I’ve been working with teenagers for the past twelve years, first as a youth sponsor for my church, with the last seven years as a youth minister’s wife. I’m coaching cheerleading for one of our local high schools, and let me tell you, teens don’t have to be your own child to stress you out.

If you’re a parent and you’re frustrated, meet me at the local Starbucks. I’ll buy you a cuppa.

As I’m raising my three boys, and dealing with other people’s teens six out of seven days of the week, the two main sources of my frustration come from:

  • Disrespect

Sometimes you’re stressed at your teen because they are blatantly disrespectful. My caution here is never let your child back-sass you. If you allow it, it opens a whole world of authority figures that they now see as free game to be a smart-aleck to.

I can tell which parents of our cheerleaders demand respect at home, because they are respectful to us coaches. It’s also blatantly obvious which teens are allowed to say whatever they want with no real punishment. They mouth off to us, too.

  • Disobedience

Sometimes disobedience is outright defiance. But the harder issue is when their disobedience is disguised in the form of a good deed. For example, all you have in your wallet is a $20 bill, which you need part of to pay for cash-only parking later that evening for an event. Your kid needs lunch money, so you hand her the $20, but tell her to only spend what she needs for lunch (roughly $5-$7) and bring the rest home.

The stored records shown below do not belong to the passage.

lemma least_minorant_pos:
  assumes "\<And>x. 0 < x \<Longrightarrow> 0 < G x"
  shows "0 < least_minorant x"
proof (rule pos_if_tight[where H = least_minorant and rho = rho])
  show "mono least_minorant"
    using least_minorant_in_robust_minorants by (rule robust_minorantsD)
  show "0 \<le> least_minorant t" for t
    using least_minorant_in_robust_minorants by (rule robust_minorantsD)
  show "0 < least_minorant t" if "0 < t" for t
    using robust_minorantsD(4)[OF least_minorant_in_robust_minorants that] assms[OF that] by simp
  show "lower_integral least_minorant (t + 1) = ennreal (rho * least_minorant t)" if "t \<le> 0" for t
    using that by (rule least_minorant_tight)
qed

lemma least_minorant_continuous_at_left:
  assumes "\<And>x. 0 < x \<Longrightarrow> continuous (at_left x) G"
  shows "continuous (at_left a) least_minorant"
proof (cases "a \<le> 0")
  case True
  have "(least_minorant 1 / rho)-lipschitz_on {..0} least_minorant"
    using robust_minorantsD[OF least_minorant_in_robust_minorants] rho_pos least_minorant_tight
    by (intro lipschitz_if_tight)
  then have "continuous_on {..0} least_minorant" by (rule lipschitz_on_continuous_on)
  then show ?thesis by (rule continuous_on_imp_continuous_within) (use True in auto)
next
  case False
  have "eventually (\<lambda>t. t \<in> {0<..<a}) (at_left a)"
    using False by (intro eventually_at_left_real) simp
  then have "eventually (\<lambda>t. least_minorant t = G t) (at_left a)"
    by (rule eventually_mono) (simp add: robust_minorantsD(4)[OF least_minorant_in_robust_minorants])
  moreover have "least_minorant a = G a"
    using False by (simp add: robust_minorantsD(4)[OF least_minorant_in_robust_minorants])
  moreover have "continuous (at_left a) G" using False by (intro assms) simp
  ultimately show ?thesis by (subst continuous_at_within_cong)
qed
lemma integral_vec2_iterated:
  fixes \<Phi> :: "real^2 \<Rightarrow> real"
  assumes "continuous_on (cbox 0 1) \<Phi>"
  shows "integral (cbox 0 1) \<Phi> = integral {0..1} (\<lambda>s. integral {0..1} (\<lambda>r. \<Phi> (vector [s, r])))"
proof -
  have "vector [0, 0] = (0::real^2)" "vector [1, 1] = (1::real^2)"
    by (simp_all add: vec_eq_iff forall_2)
  then have box01: "pair_of_vec2 ` cbox 0 1 = cbox (0, 0) (1, 1)"
    "vec2_of_pair ` cbox (0, 0) (1, 1) = cbox 0 1"
    unfolding pair_of_vec2_cbox vec2_of_pair_cbox
    by (simp_all add: pair_of_vec2_def vec2_of_pair_def)
  have measure_eq: "measure lborel (vec2_of_pair ` cbox u v) = measure lborel (cbox u v)" for u v
  proof -
    obtain u1 u2 v1 v2 where uv: "u = (u1, u2)" "v = (v1, v2)" by (cases u; cases v)
    have "cbox (vec2_of_pair u) (vec2_of_pair v) = {} \<longleftrightarrow> cbox u v = {}"
      by (metis image_is_empty vec2_of_pair_cbox)
    then show ?thesis unfolding vec2_of_pair_cbox
      by (simp add: content_cbox_if_cart content_Pair UNIV_2 vec2_of_pair_def uv
          cbox_Pair_eq_0)
  qed
  have "((\<lambda>x. \<Phi> (vec2_of_pair x)) has_integral integral (cbox 0 1) \<Phi>) (pair_of_vec2 ` cbox 0 1)"
  proof (rule has_integral_box_bijection[where g = vec2_of_pair and h = pair_of_vec2])
    show "continuous (at x) vec2_of_pair" for x
      using linear_vec2_of_pair linear_continuous_at linear_conv_bounded_linear by blast
    show "\<exists>w z. vec2_of_pair ` cbox u v = cbox w z" "\<exists>w z. pair_of_vec2 ` cbox u' v' = cbox w z"
      for u v u' v'
      using vec2_of_pair_cbox pair_of_vec2_cbox by blast+
    show "(\<Phi> has_integral integral (cbox 0 1) \<Phi>) (cbox 0 1)"
      using integrable_continuous[OF assms] by (rule integrable_integral)
  qed (simp_all add: measure_eq)
  moreover have "continuous_on (cbox (0, 0) (1, 1)) (\<lambda>x. \<Phi> (vec2_of_pair x))"
    using linear_vec2_of_pair linear_continuous_on linear_conv_bounded_linear box01(2)
    by (intro continuous_on_compose2[OF assms]) auto
  ultimately show ?thesis
    using integral_prod_continuous[of 0 0 1 1 "\<lambda>x. \<Phi> (vec2_of_pair x)"] box01(1)
    by (simp add: integral_unique vec2_of_pair_def)
qed
lemma card_U: "card U = k + 1"
  using a_notin b_notin a_neq_b finite_I card_I by simp

lemma card_insert_core: "x \<notin> I \<Longrightarrow> card (insert x I) = k"
  using finite_I card_I by simp

lemma card_U_remove: "y \<in> I \<Longrightarrow> card (U - {y}) = k"
  using card_U finite_I by (simp add: card_Diff_singleton)

lemma jump_adj_core: "x \<notin> I \<Longrightarrow> x' \<notin> I \<Longrightarrow> jump_adj k (insert x I) (insert x' I) \<longleftrightarrow> x \<noteq> x'"
  using jump_adj_insert_insert[OF finite_I] card_I by simp

lemma jump_adj_pair: "y \<in> I \<Longrightarrow> y' \<in> I \<Longrightarrow> jump_adj k (U - {y}) (U - {y'}) \<longleftrightarrow> y \<noteq> y'"
  using jump_adj_remove_remove[of U y y'] finite_I card_U by simp

lemma core_neq_pair: "x \<notin> U \<Longrightarrow> y \<in> I \<Longrightarrow> insert x I \<noteq> U - {y}"
  using a_neq_b b_notin by auto

lemma not_jump_adj_core_pair:
  assumes "x \<notin> U" "y \<in> I"
  shows "\<not> jump_adj k (insert x I) (U - {y})"
proof -
  have "insert x I \<inter> (U - {y}) = I - {y}"
    using assms by auto
  moreover have "card (I - {y}) = k - 2" and "2 \<le> k"
    using assms finite_I card_I by (auto simp: card_Diff_singleton Suc_le_eq card_gt_0_iff)
  moreover have "k - 2 \<noteq> k - 1" using \<open>2 \<le> k\<close> by arith
  ultimately show ?thesis unfolding jump_adj_def by simp
qed

lemma jump_adj_to_pair:
  assumes "y \<in> I"
  shows "jump_adj k (insert a I) (U - {y})" "jump_adj k (insert b I) (U - {y})"
proof -
  have "insert a I \<inter> (U - {y}) = insert a I - {y}" "insert b I \<inter> (U - {y}) = insert b I - {y}"
    using assms by auto
  moreover have "card (insert a I - {y}) = k - 1" "card (insert b I - {y}) = k - 1"
    using assms a_notin b_notin finite_I card_I by (auto simp: card_Diff_singleton)
  moreover have "insert a I \<noteq> U - {y}" "insert b I \<noteq> U - {y}"
    using assms a_notin b_notin a_neq_b by auto
  ultimately show "jump_adj k (insert a I) (U - {y})" "jump_adj k (insert b I) (U - {y})"
    unfolding jump_adj_def by auto
qed

lemma common_nbr_cases:
  assumes D: "card D = k" "jump_adj k (insert a I) D" "jump_adj k (insert b I) D"
  shows "(\<exists>x. x \<notin> U \<and> D = insert x I) \<or> (\<exists>y\<in>I. D = U - {y})"
proof (cases "I \<subseteq> D")
  case True
  have fin_D: "finite D" using D(1) card_I card_ge_0_finite by force
  have "z \<notin> D" if "z \<in> {a, b}" for z
  proof
    assume "z \<in> D"
    then have "insert z I = D"
      using True fin_D D(1) that a_notin b_notin finite_I card_I by (intro card_subset_eq) auto
    then show False using D(2,3) that unfolding jump_adj_def by auto
  qed
  moreover have "card (D - I) = 1"
    using True fin_D D(1) finite_I card_I by (simp add: card_Diff_subset)
  then obtain x where "D - I = {x}" by (rule card_1_singletonE)
  ultimately show ?thesis using True by blast
next
  case False
  then obtain y where y: "y \<in> I" "y \<notin> D" by auto
  have fin_D: "finite D" using D(1) card_I card_ge_0_finite by force
  have "z \<in> D" if "z \<in> insert c I" "z \<noteq> y" "c \<in> {a, b}" for z c
  proof -
    have "c \<notin> I" using that(3) a_notin b_notin by auto
    then have "card (insert c I \<inter> D) = card (insert c I - {y})"
      using D(2,3) that(3) y(1) finite_I card_I unfolding jump_adj_def
      by (auto simp: card_Diff_singleton)
    then have "insert c I \<inter> D = insert c I - {y}"
      using y(2) finite_I by (intro card_subset_eq) auto
    then show ?thesis using that by blast
  qed
  then have "U - {y} \<subseteq> D" by blast
  moreover have "card (U - {y}) = card D"
    using y(1) card_U D(1) by (simp add: card_Diff_singleton)
  ultimately have "U - {y} = D" using card_subset_eq[OF fin_D] by blast
  then show ?thesis using y(1) by blast
qed

lemma common_nbrs_eq:
  assumes "\<forall>D\<in>W. card D = k"
  shows "common_nbrs (jump_adj k) W (insert a I) (insert b I) = core_nbrs W \<union> pair_nbrs W"
proof
  show "common_nbrs (jump_adj k) W (insert a I) (insert b I) \<subseteq> core_nbrs W \<union> pair_nbrs W"
    using common_nbr_cases assms unfolding common_nbrs_def core_nbrs_def pair_nbrs_def by fastforce
  have "jump_adj k (insert a I) (insert x I)" "jump_adj k (insert b I) (insert x I)" if "x \<notin> U" for x
    using that a_notin b_notin jump_adj_core by auto
  then show "core_nbrs W \<union> pair_nbrs W \<subseteq> common_nbrs (jump_adj k) W (insert a I) (insert b I)"
    using jump_adj_to_pair unfolding common_nbrs_def core_nbrs_def pair_nbrs_def by auto
qed

lemma common_closed_nbhd_core:
  assumes W: "\<forall>D\<in>W. card D = k" and C: "C \<in> core_nbrs W"
  shows "common_closed_nbhd (jump_adj k) W (insert a I) (insert b I) C = core_nbrs W"
proof -
  obtain x where x: "x \<notin> U" "C = insert x I" using C unfolding core_nbrs_def by blast
  have "D = C \<or> jump_adj k C D \<longleftrightarrow> D \<in> core_nbrs W" if "D \<in> core_nbrs W \<union> pair_nbrs W" for D
    using that x jump_adj_core core_neq_pair not_jump_adj_core_pair
    unfolding core_nbrs_def pair_nbrs_def by auto
  then show ?thesis
    using common_nbrs_eq[OF W] unfolding common_nbrs_def common_closed_nbhd_def by blast
qed

lemma common_closed_nbhd_pair:
  assumes W: "\<forall>D\<in>W. card D = k" and C: "C \<in> pair_nbrs W"
  shows "common_closed_nbhd (jump_adj k) W (insert a I) (insert b I) C = pair_nbrs W"
proof -
  obtain y where y: "y \<in> I" "C = U - {y}" using C unfolding pair_nbrs_def by blast
  have "\<not> jump_adj k (U - {y}) (insert x I)" if "x \<notin> U" for x
    using not_jump_adj_core_pair[OF that y(1)] jump_adj_sym by blast
  then have "D = C \<or> jump_adj k C D \<longleftrightarrow> D \<in> pair_nbrs W" if "D \<in> core_nbrs W \<union> pair_nbrs W" for D
    using that y jump_adj_pair core_neq_pair
    unfolding core_nbrs_def pair_nbrs_def by auto
  then show ?thesis
    using common_nbrs_eq[OF W] unfolding common_nbrs_def common_closed_nbhd_def by blast
qed

lemma rel_clique_common_nbrs_iff:
  assumes W: "\<forall>D\<in>W. card D = k"
  shows "rel_clique (jump_adj k) (common_nbrs (jump_adj k) W (insert a I) (insert b I))
         \<longleftrightarrow> core_nbrs W = {} \<or> pair_nbrs W = {}"
proof
  assume clique: "rel_clique (jump_adj k) (common_nbrs (jump_adj k) W (insert a I) (insert b I))"
  show "core_nbrs W = {} \<or> pair_nbrs W = {}"
  proof (rule ccontr)
    assume "\<not> ?thesis"
    then obtain x y where x: "x \<notin> U" "insert x I \<in> core_nbrs W"
      and y: "y \<in> I" "U - {y} \<in> pair_nbrs W"
      unfolding core_nbrs_def pair_nbrs_def by blast
    have "insert x I \<in> common_nbrs (jump_adj k) W (insert a I) (insert b I)"
      "U - {y} \<in> common_nbrs (jump_adj k) W (insert a I) (insert b I)"
      unfolding common_nbrs_eq[OF W] using x(2) y(2) by blast+
    from rel_cliqueD[OF clique this core_neq_pair[OF x(1) y(1)]]
    show False using not_jump_adj_core_pair[OF x(1) y(1)] by contradiction
  qed
next
  have "rel_clique (jump_adj k) (core_nbrs W)"
    unfolding rel_clique_def core_nbrs_def using jump_adj_core by auto
  moreover have "rel_clique (jump_adj k) (pair_nbrs W)"
    unfolding rel_clique_def pair_nbrs_def using jump_adj_pair by auto
  ultimately show "core_nbrs W = {} \<or> pair_nbrs W = {} \<Longrightarrow>
      rel_clique (jump_adj k) (common_nbrs (jump_adj k) W (insert a I) (insert b I))"
    unfolding common_nbrs_eq[OF W] by auto
qed

lemma card_pair_nbrs:
  assumes "(\<lambda>y. U - {y}) ` I \<subseteq> W"
  shows "card (pair_nbrs W) = k - 1"
proof -
  have "pair_nbrs W = (\<lambda>y. U - {y}) ` I"
    using assms unfolding pair_nbrs_def by blast
  moreover have "inj_on (\<lambda>y. U - {y}) I"
    by (auto simp: inj_on_def)
  ultimately show ?thesis using card_image card_I by fastforce
qed

lemma U_in_cliques:
  assumes "insert a I \<in> cliques V E k" "insert b I \<in> cliques V E k" "{a, b} \<in> E"
  shows "U \<in> cliques V E (k + 1)"
  using assms card_U unfolding cliques_def by (auto simp: insert_commute)

end

lemma obtain_jump_pair:
  assumes "jump_adj k A B" "card A = k" "card B = k" "1 \<le> k"
  obtains a b I where "jump_pair a b I k" "A = insert a I" "B = insert b I"
proof -
  have fin: "finite A" "finite B" using assms(2-4) card_ge_0_finite by force+
  have card_Int: "card (A \<inter> B) = k - 1" using assms(1) unfolding jump_adj_def by simp
  have "card (A - B) = 1" "card (B - A) = 1"
    using fin card_Int assms(2-4) by (simp_all add: card_Diff_subset_Int Int_commute)
  then obtain a b where a: "A - B = {a}" and b: "B - A = {b}" by (meson card_1_singletonE)
  have "jump_pair a b (A \<inter> B) k"
    using a b fin card_Int assms(4) by unfold_locales auto
  moreover have "A = insert a (A \<inter> B)" "B = insert b (A \<inter> B)" using a b by blast+
  ultimately show ?thesis by (rule that)
qed

lemma edge_class_sizes_cliques:
  assumes "1 \<le> k" and "edge_class_sizes (jump_adj k) (cliques V E k) \<noteq> {}"
  shows "k - 1 \<in> edge_class_sizes (jump_adj k) (cliques V E k)"
proof -
  let ?W = "cliques V E k"
  obtain A B where AB: "A \<in> ?W" "B \<in> ?W" "jump_adj k A B"
    and nonclique: "\<not> rel_clique (jump_adj k) (common_nbrs (jump_adj k) ?W A B)"
    using assms(2) unfolding edge_class_sizes_def by blast
  have card_W: "\<forall>D\<in>?W. card D = k" by (simp add: cliques_def)
  obtain a b I where pair: "jump_pair a b I k" and A: "A = insert a I" and B: "B = insert b I"
    using obtain_jump_pair[OF AB(3)] AB(1,2) card_W assms(1) by blast
  interpret jump_pair a b I k by (fact pair)
  obtain y where y: "y \<in> I" "U - {y} \<in> ?W"
    using rel_clique_common_nbrs_iff[OF card_W] nonclique unfolding A B pair_nbrs_def by blast
  have "{a, b} \<in> E"
    using y a_neq_b a_notin b_notin unfolding cliques_def by auto
  then have U_clique: "U \<in> cliques V E (k + 1)"
    using U_in_cliques AB(1,2) unfolding A B by blast
  have "(\<lambda>y. U - {y}) ` I \<subseteq> ?W"
  proof (rule image_subsetI)
    fix y' assume "y' \<in> I"
    have "U - {y'} \<in> cliques V E (card (U - {y'}))"
      by (rule cliques_subset[OF U_clique]) blast
    then show "U - {y'} \<in> ?W" unfolding card_U_remove[OF \<open>y' \<in> I\<close>] .
  qed
  then have "card (common_closed_nbhd (jump_adj k) ?W A B (U - {y})) = k - 1"
    using common_closed_nbhd_pair[OF card_W] card_pair_nbrs y unfolding A B pair_nbrs_def by auto
  moreover have "U - {y} \<in> common_nbrs (jump_adj k) ?W A B"
    using common_nbrs_eq[OF card_W] y unfolding A B pair_nbrs_def by auto
  ultimately show ?thesis
    using edge_class_sizesI[OF AB nonclique] by metis
qed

When you get home from work to do a lightning-fast change of clothes, you ask for your change, to find out there isn’t any. Her best friend forgot her lunch money, and she felt bad for her, so they spent the whole thing. Now you’re forced to be late because you have to swing by the ATM.

What do you do?

How do you handle a kid who had pure motives, but disobeyed? Do you still punish or are your words of disappointment enough? It wasn’t as if your kid blew the money on junk.

This is the kind of thing that keeps me shaking my head.

Any advice? What would you do?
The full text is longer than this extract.